(* If $G_1$ and $G_2$ are vertex-disjoint semi-weakly CIS graphs, then their disjoint union $G_1+G_2$ and their join $G_1*G_2$ are also semi-weakly CIS.
   Context: A strong clique of a graph is a clique meeting every maximal stable set. A graph is semi-weakly CIS if it admits a family of strong cliques such that every two adjacent vertices lie together in some member of the family. The join $G_1*G_2$ is obtained from $G_1+G_2$ by adding all edges between $V(G_1)$ and $V(G_2)$. *)

theory Defs
  imports Main
begin

definition graph :: "'a set \<Rightarrow> 'a set set \<Rightarrow> bool" where
  "graph V E \<longleftrightarrow> finite V \<and> (\<forall>e\<in>E. e \<subseteq> V \<and> card e = 2)"

definition clique :: "'a set \<Rightarrow> 'a set set \<Rightarrow> 'a set \<Rightarrow> bool" where
  "clique V E C \<longleftrightarrow> C \<subseteq> V \<and> (\<forall>u\<in>C. \<forall>v\<in>C. u \<noteq> v \<longrightarrow> {u, v} \<in> E)"

definition stable_set :: "'a set \<Rightarrow> 'a set set \<Rightarrow> 'a set \<Rightarrow> bool" where
  "stable_set V E S \<longleftrightarrow> S \<subseteq> V \<and> (\<forall>u\<in>S. \<forall>v\<in>S. {u, v} \<notin> E)"

definition maximal_stable_set :: "'a set \<Rightarrow> 'a set set \<Rightarrow> 'a set \<Rightarrow> bool" where
  "maximal_stable_set V E S \<longleftrightarrow> stable_set V E S \<and>
     (\<forall>T. stable_set V E T \<and> S \<subseteq> T \<longrightarrow> T = S)"

definition strong_clique :: "'a set \<Rightarrow> 'a set set \<Rightarrow> 'a set \<Rightarrow> bool" where
  "strong_clique V E C \<longleftrightarrow> clique V E C \<and>
     (\<forall>S. maximal_stable_set V E S \<longrightarrow> C \<inter> S \<noteq> {})"

definition semi_weakly_CIS :: "'a set \<Rightarrow> 'a set set \<Rightarrow> bool" where
  "semi_weakly_CIS V E \<longleftrightarrow> (\<exists>\<C>. (\<forall>C\<in>\<C>. strong_clique V E C) \<and>
     (\<forall>u v. {u, v} \<in> E \<longrightarrow> (\<exists>C\<in>\<C>. u \<in> C \<and> v \<in> C)))"

definition join_edges :: "'a set \<Rightarrow> 'a set set \<Rightarrow> 'a set \<Rightarrow> 'a set set \<Rightarrow> 'a set set" where
  "join_edges V1 E1 V2 E2 = E1 \<union> E2 \<union> {{u, v} | u v. u \<in> V1 \<and> v \<in> V2}"

end

theory Submission
  imports Defs
begin

text \<open>
  Semi-weak CIS only asks that every edge lie in some strong clique, and every vertex of such a
  graph lies in a strong clique (an isolated vertex belongs to every maximal stable set, so it
  is one by itself). A maximal stable set of \<open>G\<^sub>1 + G\<^sub>2\<close> restricts to maximal stable
  sets of both summands, so strong cliques of a summand stay strong. A maximal stable set
  of \<open>G\<^sub>1 * G\<^sub>2\<close> lies inside one side, where it is again maximal, so \<open>C\<^sub>1 \<union> C\<^sub>2\<close> is strong
  whenever \<open>C\<^sub>1\<close> and \<open>C\<^sub>2\<close> are; these unions cover all edges of the join.
\<close>

lemma graph_edge_in_vertices: "graph V E \<Longrightarrow> {u, v} \<in> E \<Longrightarrow> u \<in> V \<and> v \<in> V"
  unfolding graph_def by blast

lemma graph_no_edges_if_no_vertices: "graph {} E \<Longrightarrow> E = {}"
  unfolding graph_def by fastforce

lemma semi_weakly_CIS_iff_edges_in_strong_cliques:
  "semi_weakly_CIS V E \<longleftrightarrow>
     (\<forall>u v. {u, v} \<in> E \<longrightarrow> (\<exists>C. strong_clique V E C \<and> u \<in> C \<and> v \<in> C))"
  unfolding semi_weakly_CIS_def
  by (rule iffI, blast) (rule exI[of _ "{C. strong_clique V E C}"], auto)

lemma stable_set_mono:
  "stable_set V E S \<Longrightarrow> S' \<subseteq> S \<Longrightarrow> S' \<subseteq> V' \<Longrightarrow> E' \<subseteq> E \<Longrightarrow> stable_set V' E' S'"
  unfolding stable_set_def by blast

lemma maximal_stable_set_contains_isolated:
  assumes max: "maximal_stable_set V E S" and "u \<in> V" and isolated: "\<forall>v. {u, v} \<notin> E"
  shows "u \<in> S"
proof -
  have "{v, u} \<notin> E" for v
    using isolated by (simp add: insert_commute[of v u])
  with max assms(2) isolated have "stable_set V E (insert u S)"
    unfolding maximal_stable_set_def stable_set_def by blast
  with max show ?thesis
    unfolding maximal_stable_set_def by blast
qed

lemma semi_weakly_CIS_vertex_in_strong_clique:
  assumes "semi_weakly_CIS V E" and "u \<in> V"
  obtains C where "strong_clique V E C" and "u \<in> C"
proof (cases "\<exists>v. {u, v} \<in> E")
  case True
  with assms(1) that show ?thesis
    unfolding semi_weakly_CIS_iff_edges_in_strong_cliques by blast
next
  case False
  then have "u \<in> S" if "maximal_stable_set V E S" for S
    using maximal_stable_set_contains_isolated[OF that assms(2)] by blast
  with assms(2) have "strong_clique V E {u}"
    unfolding strong_clique_def clique_def by blast
  with that show ?thesis by blast
qed

lemma stable_set_disjoint_union:
  assumes "graph V1 E1" and "graph V2 E2" and "V1 \<inter> V2 = {}"
    and "stable_set V1 E1 A" and "stable_set V2 E2 B"
  shows "stable_set (V1 \<union> V2) (E1 \<union> E2) (A \<union> B)"
  unfolding stable_set_def
proof (intro conjI ballI)
  show "A \<union> B \<subseteq> V1 \<union> V2"
    using assms(4,5) unfolding stable_set_def by blast
  fix x y assume xy: "x \<in> A \<union> B" "y \<in> A \<union> B"
  show "{x, y} \<notin> E1 \<union> E2"
  proof
    assume "{x, y} \<in> E1 \<union> E2"
    then show False
    proof
      assume "{x, y} \<in> E1"
      moreover from this have "x \<in> A \<and> y \<in> A"
        using xy graph_edge_in_vertices[OF assms(1)] assms(3,5) unfolding stable_set_def by blast
      ultimately show False
        using assms(4) unfolding stable_set_def by blast
    next
      assume "{x, y} \<in> E2"
      moreover from this have "x \<in> B \<and> y \<in> B"
        using xy graph_edge_in_vertices[OF assms(2)] assms(3,4) unfolding stable_set_def by blast
      ultimately show False
        using assms(5) unfolding stable_set_def by blast
    qed
  qed
qed

lemma maximal_stable_set_disjoint_union_restrict:
  assumes g1: "graph V1 E1" and g2: "graph V2 E2" and disj: "V1 \<inter> V2 = {}"
    and max: "maximal_stable_set (V1 \<union> V2) (E1 \<union> E2) S"
  shows "maximal_stable_set V1 E1 (S \<inter> V1)"
  unfolding maximal_stable_set_def
proof (intro conjI allI impI)
  have S: "stable_set (V1 \<union> V2) (E1 \<union> E2) S"
    using max unfolding maximal_stable_set_def by blast
  then show "stable_set V1 E1 (S \<inter> V1)"
    by (rule stable_set_mono) auto
  fix T assume T: "stable_set V1 E1 T \<and> S \<inter> V1 \<subseteq> T"
  have "stable_set V2 E2 (S \<inter> V2)"
    using S by (rule stable_set_mono) auto
  with T have "stable_set (V1 \<union> V2) (E1 \<union> E2) (T \<union> S \<inter> V2)"
    using stable_set_disjoint_union[OF g1 g2 disj] by blast
  moreover have "S \<subseteq> T \<union> S \<inter> V2"
    using S T unfolding stable_set_def by blast
  ultimately have "T \<union> S \<inter> V2 = S"
    using max unfolding maximal_stable_set_def by blast
  then show "T = S \<inter> V1"
    using T disj unfolding stable_set_def by blast
qed

lemma strong_clique_disjoint_union:
  assumes "graph V1 E1" and "graph V2 E2" and "V1 \<inter> V2 = {}"
    and "strong_clique V1 E1 C"
  shows "strong_clique (V1 \<union> V2) (E1 \<union> E2) C"
  using assms maximal_stable_set_disjoint_union_restrict[OF assms(1-3)]
  unfolding strong_clique_def clique_def by blast

lemma semi_weakly_CIS_disjoint_union:
  assumes g1: "graph V1 E1" and g2: "graph V2 E2" and disj: "V1 \<inter> V2 = {}"
    and "semi_weakly_CIS V1 E1" and "semi_weakly_CIS V2 E2"
  shows "semi_weakly_CIS (V1 \<union> V2) (E1 \<union> E2)"
proof -
  have "strong_clique (V1 \<union> V2) (E1 \<union> E2) C" if "strong_clique V2 E2 C" for C
    using strong_clique_disjoint_union[OF g2 g1 _ that] disj by (simp add: Un_commute Int_commute)
  then show ?thesis
    using assms strong_clique_disjoint_union[OF g1 g2 disj]
    unfolding semi_weakly_CIS_iff_edges_in_strong_cliques by blast
qed

lemma join_edges_commute: "join_edges V2 E2 V1 E1 = join_edges V1 E1 V2 E2"
  unfolding join_edges_def by (blast intro: insert_commute)

lemma stable_set_join_in_one_side:
  "stable_set (V1 \<union> V2) (join_edges V1 E1 V2 E2) S \<Longrightarrow> S \<subseteq> V1 \<or> S \<subseteq> V2"
  unfolding stable_set_def join_edges_def by blast

lemma stable_set_join_of_left:
  assumes "graph V2 E2" and "V1 \<inter> V2 = {}" and "stable_set V1 E1 S"
  shows "stable_set (V1 \<union> V2) (join_edges V1 E1 V2 E2) S"
  unfolding stable_set_def
proof (intro conjI ballI)
  have S: "S \<subseteq> V1" "\<And>x y. x \<in> S \<Longrightarrow> y \<in> S \<Longrightarrow> {x, y} \<notin> E1"
    using assms(3) unfolding stable_set_def by blast+
  then show "S \<subseteq> V1 \<union> V2" by blast
  fix x y assume xy: "x \<in> S" "y \<in> S"
  have "{x, y} \<notin> E2"
    using xy S(1) assms(2) graph_edge_in_vertices[OF assms(1)] by blast
  moreover have "{x, y} \<noteq> {u, v}" if "v \<in> V2" for u v
    using that xy S(1) assms(2) by (auto simp: doubleton_eq_iff)
  ultimately show "{x, y} \<notin> join_edges V1 E1 V2 E2"
    using xy S(2) unfolding join_edges_def by blast
qed

lemma maximal_stable_set_join_left:
  assumes "graph V2 E2" and "V1 \<inter> V2 = {}"
    and max: "maximal_stable_set (V1 \<union> V2) (join_edges V1 E1 V2 E2) S" and "S \<subseteq> V1"
  shows "maximal_stable_set V1 E1 S"
  unfolding maximal_stable_set_def
proof (intro conjI allI impI)
  have "E1 \<subseteq> join_edges V1 E1 V2 E2"
    unfolding join_edges_def by blast
  moreover have "stable_set (V1 \<union> V2) (join_edges V1 E1 V2 E2) S"
    using max unfolding maximal_stable_set_def by blast
  ultimately show "stable_set V1 E1 S"
    using stable_set_mono assms(4) by blast
  fix T assume "stable_set V1 E1 T \<and> S \<subseteq> T"
  with max show "T = S"
    using stable_set_join_of_left[OF assms(1,2)] unfolding maximal_stable_set_def by blast
qed

lemma clique_join:
  assumes "clique V1 E1 C1" and "clique V2 E2 C2"
  shows "clique (V1 \<union> V2) (join_edges V1 E1 V2 E2) (C1 \<union> C2)"
  unfolding clique_def
proof (intro conjI ballI impI)
  have C: "C1 \<subseteq> V1" "C2 \<subseteq> V2"
    and E: "\<And>x y. x \<in> C1 \<Longrightarrow> y \<in> C1 \<Longrightarrow> x \<noteq> y \<Longrightarrow> {x, y} \<in> E1"
      "\<And>x y. x \<in> C2 \<Longrightarrow> y \<in> C2 \<Longrightarrow> x \<noteq> y \<Longrightarrow> {x, y} \<in> E2"
    using assms unfolding clique_def by blast+
  then show "C1 \<union> C2 \<subseteq> V1 \<union> V2" by blast
  have cross: "{x, y} \<in> join_edges V1 E1 V2 E2 \<and> {y, x} \<in> join_edges V1 E1 V2 E2"
    if "x \<in> C1" "y \<in> C2" for x y
    using that C unfolding join_edges_def by (blast intro: insert_commute)
  fix u v assume "u \<in> C1 \<union> C2" "v \<in> C1 \<union> C2" "u \<noteq> v"
  then show "{u, v} \<in> join_edges V1 E1 V2 E2"
    using E cross unfolding join_edges_def by blast
qed

lemma strong_clique_join:
  assumes g1: "graph V1 E1" and g2: "graph V2 E2" and disj: "V1 \<inter> V2 = {}"
    and C1: "strong_clique V1 E1 C1" and C2: "strong_clique V2 E2 C2"
  shows "strong_clique (V1 \<union> V2) (join_edges V1 E1 V2 E2) (C1 \<union> C2)"
  unfolding strong_clique_def
proof (intro conjI allI impI)
  show "clique (V1 \<union> V2) (join_edges V1 E1 V2 E2) (C1 \<union> C2)"
    using C1 C2 clique_join unfolding strong_clique_def by blast
  fix S assume max: "maximal_stable_set (V1 \<union> V2) (join_edges V1 E1 V2 E2) S"
  then have max': "maximal_stable_set (V2 \<union> V1) (join_edges V2 E2 V1 E1) S"
    by (simp add: join_edges_commute Un_commute)
  from max have "S \<subseteq> V1 \<or> S \<subseteq> V2"
    unfolding maximal_stable_set_def by (blast dest: stable_set_join_in_one_side)
  then have "maximal_stable_set V1 E1 S \<or> maximal_stable_set V2 E2 S"
    using maximal_stable_set_join_left[OF g2 disj max]
      maximal_stable_set_join_left[OF g1 _ max'] disj by blast
  with C1 C2 show "(C1 \<union> C2) \<inter> S \<noteq> {}"
    unfolding strong_clique_def by blast
qed

lemma join_edges_empty_right: "join_edges V1 E1 {} {} = E1"
  unfolding join_edges_def by blast

lemma join_left_edge_in_strong_clique:
  assumes g1: "graph V1 E1" and g2: "graph V2 E2" and disj: "V1 \<inter> V2 = {}"
    and cis1: "semi_weakly_CIS V1 E1" and cis2: "semi_weakly_CIS V2 E2"
    and edge: "{u, v} \<in> E1"
  shows "\<exists>C. strong_clique (V1 \<union> V2) (join_edges V1 E1 V2 E2) C \<and> u \<in> C \<and> v \<in> C"
proof (cases "V2 = {}")
  \<comment> \<open>The empty graph has no strong clique: \<open>{}\<close> is its maximal stable set.\<close>
  case True
  with g2 have "E2 = {}" by (simp add: graph_no_edges_if_no_vertices)
  with True cis1 edge show ?thesis
    by (simp add: join_edges_empty_right semi_weakly_CIS_iff_edges_in_strong_cliques)
next
  case False
  then obtain b where "b \<in> V2" by blast
  with cis2 obtain D where D: "strong_clique V2 E2 D"
    by (blast elim: semi_weakly_CIS_vertex_in_strong_clique)
  from cis1 edge obtain C where "strong_clique V1 E1 C" "u \<in> C" "v \<in> C"
    unfolding semi_weakly_CIS_iff_edges_in_strong_cliques by blast
  with D show ?thesis
    using strong_clique_join[OF g1 g2 disj] by blast
qed

lemma semi_weakly_CIS_join:
  assumes g1: "graph V1 E1" and g2: "graph V2 E2" and disj: "V1 \<inter> V2 = {}"
    and cis1: "semi_weakly_CIS V1 E1" and cis2: "semi_weakly_CIS V2 E2"
  shows "semi_weakly_CIS (V1 \<union> V2) (join_edges V1 E1 V2 E2)"
  unfolding semi_weakly_CIS_iff_edges_in_strong_cliques
proof (intro allI impI)
  fix u v assume "{u, v} \<in> join_edges V1 E1 V2 E2"
  then consider "{u, v} \<in> E1" | "{u, v} \<in> E2"
    | x y where "{u, v} = {x, y}" "x \<in> V1" "y \<in> V2"
    unfolding join_edges_def by blast
  then show "\<exists>C. strong_clique (V1 \<union> V2) (join_edges V1 E1 V2 E2) C \<and> u \<in> C \<and> v \<in> C"
  proof cases
    case 1
    then show ?thesis
      using join_left_edge_in_strong_clique[OF assms] by blast
  next
    case 2
    from disj have "V2 \<inter> V1 = {}" by blast
    from join_left_edge_in_strong_clique[OF g2 g1 this cis2 cis1 2] show ?thesis
      by (simp add: join_edges_commute Un_commute)
  next
    case (3 x y)
    obtain Cx where "strong_clique V1 E1 Cx" "x \<in> Cx"
      using cis1 \<open>x \<in> V1\<close> by (rule semi_weakly_CIS_vertex_in_strong_clique)
    moreover obtain Cy where "strong_clique V2 E2 Cy" "y \<in> Cy"
      using cis2 \<open>y \<in> V2\<close> by (rule semi_weakly_CIS_vertex_in_strong_clique)
    ultimately show ?thesis
      using strong_clique_join[OF g1 g2 disj] \<open>{u, v} = {x, y}\<close>
      by (blast dest: doubleton_eq_iff[THEN iffD1])
  qed
qed

theorem proposition15:
  assumes "graph V1 E1" and "graph V2 E2" and "V1 \<inter> V2 = {}"
    and "semi_weakly_CIS V1 E1" and "semi_weakly_CIS V2 E2"
  shows "semi_weakly_CIS (V1 \<union> V2) (E1 \<union> E2) \<and>
    semi_weakly_CIS (V1 \<union> V2) (join_edges V1 E1 V2 E2)"
  using semi_weakly_CIS_disjoint_union[OF assms] semi_weakly_CIS_join[OF assms] by blast

end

» **To do**
When a line in the material above contains the word "this", copy that line out.

» **Answer space**
      moreover from this have "x \<in> A \<and> y \<in> A"
      moreover from this have "x \<in> B \<and> y \<in> B"
    from join_left_edge_in_strong_clique[OF g2 g1 this cis2 cis1 2] show ?thesis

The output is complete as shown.